## Work request
Lines of the records that hold the word "assumes" are to be counted; give the number and nothing more.

(Stored data)
####################

(* There is an absolute constant $c>0$ such that the following holds. Let $\epsilon\in(0,1)$ and let $A\in\mathbb{R}^{n\times n}$ be symmetric PSD with $\max_{i,j}|A_{ij}|\le1$ and largest eigenvalue $\lambda_1$. Include each index $i\in[n]$ independently with probability $p=\min(1,\frac{c}{\epsilon n})$ and let $T$ be the set of included indices. Then with probability at least $2/3$, either $\lambda_1 < \epsilon n$, or there exists $x \in \mathrm{span}\{e_i : i\in T\}$ with $x^TAx>0$ and $$\frac{x^TA^2x}{x^TAx}\ge \lambda_1-\epsilon n.$$ *)

theory Defs
  imports Complex_Main
begin

text \<open>Real n x n matrices are represented as functions nat => nat => real,
  only the entries with indices < n being relevant; vectors in R^n as nat => real.\<close>

definition mat_vec :: "nat \<Rightarrow> (nat \<Rightarrow> nat \<Rightarrow> real) \<Rightarrow> (nat \<Rightarrow> real) \<Rightarrow> nat \<Rightarrow> real" where
  "mat_vec n A x i = (\<Sum>j<n. A i j * x j)"

definition mat_mul :: "nat \<Rightarrow> (nat \<Rightarrow> nat \<Rightarrow> real) \<Rightarrow> (nat \<Rightarrow> nat \<Rightarrow> real) \<Rightarrow> nat \<Rightarrow> nat \<Rightarrow> real" where
  "mat_mul n A B i j = (\<Sum>k<n. A i k * B k j)"

definition quad_form :: "nat \<Rightarrow> (nat \<Rightarrow> nat \<Rightarrow> real) \<Rightarrow> (nat \<Rightarrow> real) \<Rightarrow> real" where
  "quad_form n A x = (\<Sum>i<n. x i * mat_vec n A x i)"

definition symmetric_mat :: "nat \<Rightarrow> (nat \<Rightarrow> nat \<Rightarrow> real) \<Rightarrow> bool" where
  "symmetric_mat n A \<longleftrightarrow> (\<forall>i<n. \<forall>j<n. A i j = A j i)"

definition psd_mat :: "nat \<Rightarrow> (nat \<Rightarrow> nat \<Rightarrow> real) \<Rightarrow> bool" where
  "psd_mat n A \<longleftrightarrow> symmetric_mat n A \<and> (\<forall>x. quad_form n A x \<ge> 0)"

definition is_eigenvalue :: "nat \<Rightarrow> (nat \<Rightarrow> nat \<Rightarrow> real) \<Rightarrow> real \<Rightarrow> bool" where
  "is_eigenvalue n A l \<longleftrightarrow> (\<exists>v. (\<exists>i<n. v i \<noteq> 0) \<and> (\<forall>i<n. mat_vec n A v i = l * v i))"

definition lambda_max :: "nat \<Rightarrow> (nat \<Rightarrow> nat \<Rightarrow> real) \<Rightarrow> real" where
  "lambda_max n A = Max {l. is_eigenvalue n A l}"

text \<open>Probability of an event about the random set T \<subseteq> {0..<n}, where each index is
  included independently with probability p.\<close>
definition subset_prob :: "nat \<Rightarrow> real \<Rightarrow> (nat set \<Rightarrow> bool) \<Rightarrow> real" where
  "subset_prob n p E = (\<Sum>T\<in>{T. T \<subseteq> {..<n} \<and> E T}. p ^ card T * (1 - p) ^ (n - card T))"

end

theory Submission
  imports Defs "Jordan_Normal_Form.Char_Poly"
begin

text \<open>Let \<open>v\<close> be a unit eigenvector for \<open>l = \<lambda>\<^sub>1 \<ge> \<epsilon>n\<close> and take \<open>x\<close> to be \<open>v\<close> restricted
  to \<open>T\<close>. Writing \<open>x = p v + e\<close>, we get \<open>x\<^sup>TAx = p\<^sup>2 l + 2 p l \<langle>e, v\<rangle> + e\<^sup>TAe\<close> and, by
  Cauchy-Schwarz, \<open>|Ax|\<^sup>2 \<ge> l\<^sup>2 \<langle>x, v\<rangle>\<^sup>2 = l\<^sup>2 (p + \<langle>e, v\<rangle>)\<^sup>2\<close>; so the quotient is at least
  \<open>l - \<epsilon>n\<close> once \<open>Z = \<epsilon>n \<langle>e, v\<rangle>\<^sup>2 + e\<^sup>TAe \<le> \<epsilon>n p\<^sup>2 / 16\<close>. Now \<open>Z\<close> is a quadratic form in the
  centred indicators of \<open>T\<close>, so its expectation is \<open>p (1 - p)\<close> times its trace, and the trace
  is at most \<open>2\<close> because positive semidefiniteness and \<open>A\<^sub>i\<^sub>i \<le> 1\<close> force \<open>v\<^sub>i\<^sup>2 \<le> 1 / l\<close>.
  Markov's inequality with \<open>p = min 1 (96 / \<epsilon>n)\<close> finishes the proof.\<close>

section \<open>Random subsets\<close>

definition subset_weight :: "nat \<Rightarrow> real \<Rightarrow> nat set \<Rightarrow> real" where
  "subset_weight n p T = p ^ card T * (1 - p) ^ (n - card T)"

lemma subset_weight_nonneg: "0 \<le> p \<Longrightarrow> p \<le> 1 \<Longrightarrow> 0 \<le> subset_weight n p T"
  unfolding subset_weight_def by simp

lemma subset_prob_conv_sum:
  "subset_prob n p E = (\<Sum>T\<in>Pow {..<n}. if E T then subset_weight n p T else 0)"
proof -
  have "{T. T \<subseteq> {..<n} \<and> E T} = {T \<in> Pow {..<n}. E T}" by auto
  then show ?thesis
    unfolding subset_prob_def subset_weight_def[symmetric] by (simp flip: sum.inter_filter)
qed

lemma subset_weight_conv_prod:
  assumes "T \<subseteq> {..<n}"
  shows "subset_weight n p T = (\<Prod>i\<in>T. p) * (\<Prod>i\<in>{..<n} - T. 1 - p)"
proof -
  have "card ({..<n} - T) = n - card T"
    using assms by (simp add: card_Diff_subset finite_subset)
  then show ?thesis unfolding subset_weight_def by simp
qed

text \<open>Independence of the events \<open>i \<in> T\<close>.\<close>

lemma sum_subset_weight_prod:
  "(\<Sum>T\<in>Pow {..<n}. subset_weight n p T * (\<Prod>i<n. h i (i \<in> T)))
     = (\<Prod>i<n. p * h i True + (1 - p) * h i False)"
proof -
  have "(\<Prod>i<n. p * h i True + (1 - p) * h i False)
      = (\<Sum>T\<in>Pow {..<n}. (\<Prod>i\<in>T. p * h i True) * (\<Prod>i\<in>{..<n} - T. (1 - p) * h i False))"
    by (simp add: prod_add)
  also have "\<dots> = (\<Sum>T\<in>Pow {..<n}. subset_weight n p T * (\<Prod>i<n. h i (i \<in> T)))"
  proof (rule sum.cong)
    fix T assume "T \<in> Pow {..<n}"
    then have T: "T \<subseteq> {..<n}" by auto
    have "(\<Prod>i<n. h i (i \<in> T)) = (\<Prod>i\<in>T. h i (i \<in> T)) * (\<Prod>i\<in>{..<n} - T. h i (i \<in> T))"
      by (metis prod.subset_diff[OF T] finite_lessThan mult.commute)
    also have "\<dots> = (\<Prod>i\<in>T. h i True) * (\<Prod>i\<in>{..<n} - T. h i False)"
      by (auto intro!: arg_cong2[where f = "(*)"] prod.cong)
    finally show "(\<Prod>i\<in>T. p * h i True) * (\<Prod>i\<in>{..<n} - T. (1 - p) * h i False)
        = subset_weight n p T * (\<Prod>i<n. h i (i \<in> T))"
      unfolding subset_weight_conv_prod[OF T] prod.distrib by (simp add: mult_ac)
  qed simp
  finally show ?thesis ..
qed

lemma sum_subset_weight: "(\<Sum>T\<in>Pow {..<n}. subset_weight n p T) = 1"
  using sum_subset_weight_prod[of n p "\<lambda>_ _. 1"] by simp

lemma subset_prob_eq_1:
  assumes "\<And>T. T \<subseteq> {..<n} \<Longrightarrow> E T"
  shows "subset_prob n p E = 1"
  using assms by (simp add: subset_prob_conv_sum sum_subset_weight)

lemma subset_prob_mono:
  assumes "0 \<le> p" "p \<le> 1" "\<And>T. T \<subseteq> {..<n} \<Longrightarrow> E T \<Longrightarrow> F T"
  shows "subset_prob n p E \<le> subset_prob n p F"
  unfolding subset_prob_conv_sum using assms subset_weight_nonneg[OF assms(1,2)]
  by (intro sum_mono) auto

lemma sum_subset_weight_centered_indicators:
  assumes "i < n" "j < n"
  shows "(\<Sum>T\<in>Pow {..<n}. subset_weight n p T * ((of_bool (i \<in> T) - p) * (of_bool (j \<in> T) - p)))
           = (if i = j then p * (1 - p) else 0)"
proof -
  define h where "h k b = (if k = i then of_bool b - p else 1) * (if k = j then of_bool b - p else 1)"
    for k and b :: bool
  have "(\<Prod>k<n. h k (k \<in> T)) = (of_bool (i \<in> T) - p) * (of_bool (j \<in> T) - p)" for T
    unfolding h_def prod.distrib using assms by (simp add: prod.delta)
  then have "(\<Sum>T\<in>Pow {..<n}. subset_weight n p T * ((of_bool (i \<in> T) - p) * (of_bool (j \<in> T) - p)))
      = (\<Prod>k<n. p * h k True + (1 - p) * h k False)"
    using sum_subset_weight_prod[of n p h] by simp
  also have "\<dots> = (if i = j then p * (1 - p) else 0)"
  proof (cases "i = j")
    case True
    have "(\<Prod>k<n. p * h k True + (1 - p) * h k False) = (\<Prod>k<n. if k = i then p * (1 - p) else 1)"
      by (rule prod.cong) (auto simp: h_def True algebra_simps power2_eq_square)
    then show ?thesis using True assms by (simp add: prod.delta)
  next
    case False
    have "p * h i True + (1 - p) * h i False = 0"
      using False by (simp add: h_def algebra_simps)
    then show ?thesis using False assms by (auto simp: prod_zero_iff)
  qed
  finally show ?thesis .
qed

lemma sum_subset_weight_centered_quadratic:
  "(\<Sum>T\<in>Pow {..<n}. subset_weight n p T *
      (\<Sum>i<n. \<Sum>j<n. (of_bool (i \<in> T) - p) * (of_bool (j \<in> T) - p) * M i j))
     = p * (1 - p) * (\<Sum>i<n. M i i)"
proof -
  have "(\<Sum>T\<in>Pow {..<n}. subset_weight n p T *
      (\<Sum>i<n. \<Sum>j<n. (of_bool (i \<in> T) - p) * (of_bool (j \<in> T) - p) * M i j))
      = (\<Sum>i<n. \<Sum>j<n. (\<Sum>T\<in>Pow {..<n}. subset_weight n p T *
           ((of_bool (i \<in> T) - p) * (of_bool (j \<in> T) - p))) * M i j)"
    by (simp add: sum_distrib_left sum_distrib_right sum.swap[of _ "Pow {..<n}"] mult.assoc)
  also have "\<dots> = (\<Sum>i<n. \<Sum>j<n. if j = i then p * (1 - p) * M i j else 0)"
    by (intro sum.cong refl) (simp add: sum_subset_weight_centered_indicators)
  also have "\<dots> = p * (1 - p) * (\<Sum>i<n. M i i)"
    by (simp add: sum_distrib_left)
  finally show ?thesis .
qed

lemma subset_prob_Markov:
  assumes p: "0 \<le> p" "p \<le> 1" and t: "t > 0"
    and Z_nonneg: "\<And>T. T \<subseteq> {..<n} \<Longrightarrow> 0 \<le> Z T"
    and Z_small: "\<And>T. T \<subseteq> {..<n} \<Longrightarrow> Z T \<le> t \<Longrightarrow> E T"
  shows "1 - (\<Sum>T\<in>Pow {..<n}. subset_weight n p T * Z T) / t \<le> subset_prob n p E"
proof -
  have "1 - (\<Sum>T\<in>Pow {..<n}. subset_weight n p T * Z T) / t
      = (\<Sum>T\<in>Pow {..<n}. subset_weight n p T * (1 - Z T / t))"
    using sum_subset_weight[of n p] t
    by (simp add: algebra_simps sum_subtractf sum_divide_distrib)
  also have "\<dots> \<le> (\<Sum>T\<in>Pow {..<n}. if E T then subset_weight n p T else 0)"
  proof (rule sum_mono)
    fix T assume "T \<in> Pow {..<n}"
    then have T: "T \<subseteq> {..<n}" by auto
    have "E T \<or> 1 - Z T / t \<le> 0"
      using Z_small[OF T] t by (auto simp: field_simps)
    moreover have "0 \<le> Z T / t" using Z_nonneg[OF T] t by simp
    ultimately show "subset_weight n p T * (1 - Z T / t) \<le> (if E T then subset_weight n p T else 0)"
      using subset_weight_nonneg[OF p, of n T]
      by (auto simp: mult_left_le mult_nonneg_nonpos)
  qed
  finally show ?thesis by (simp add: subset_prob_conv_sum)
qed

####################

## Final answer
5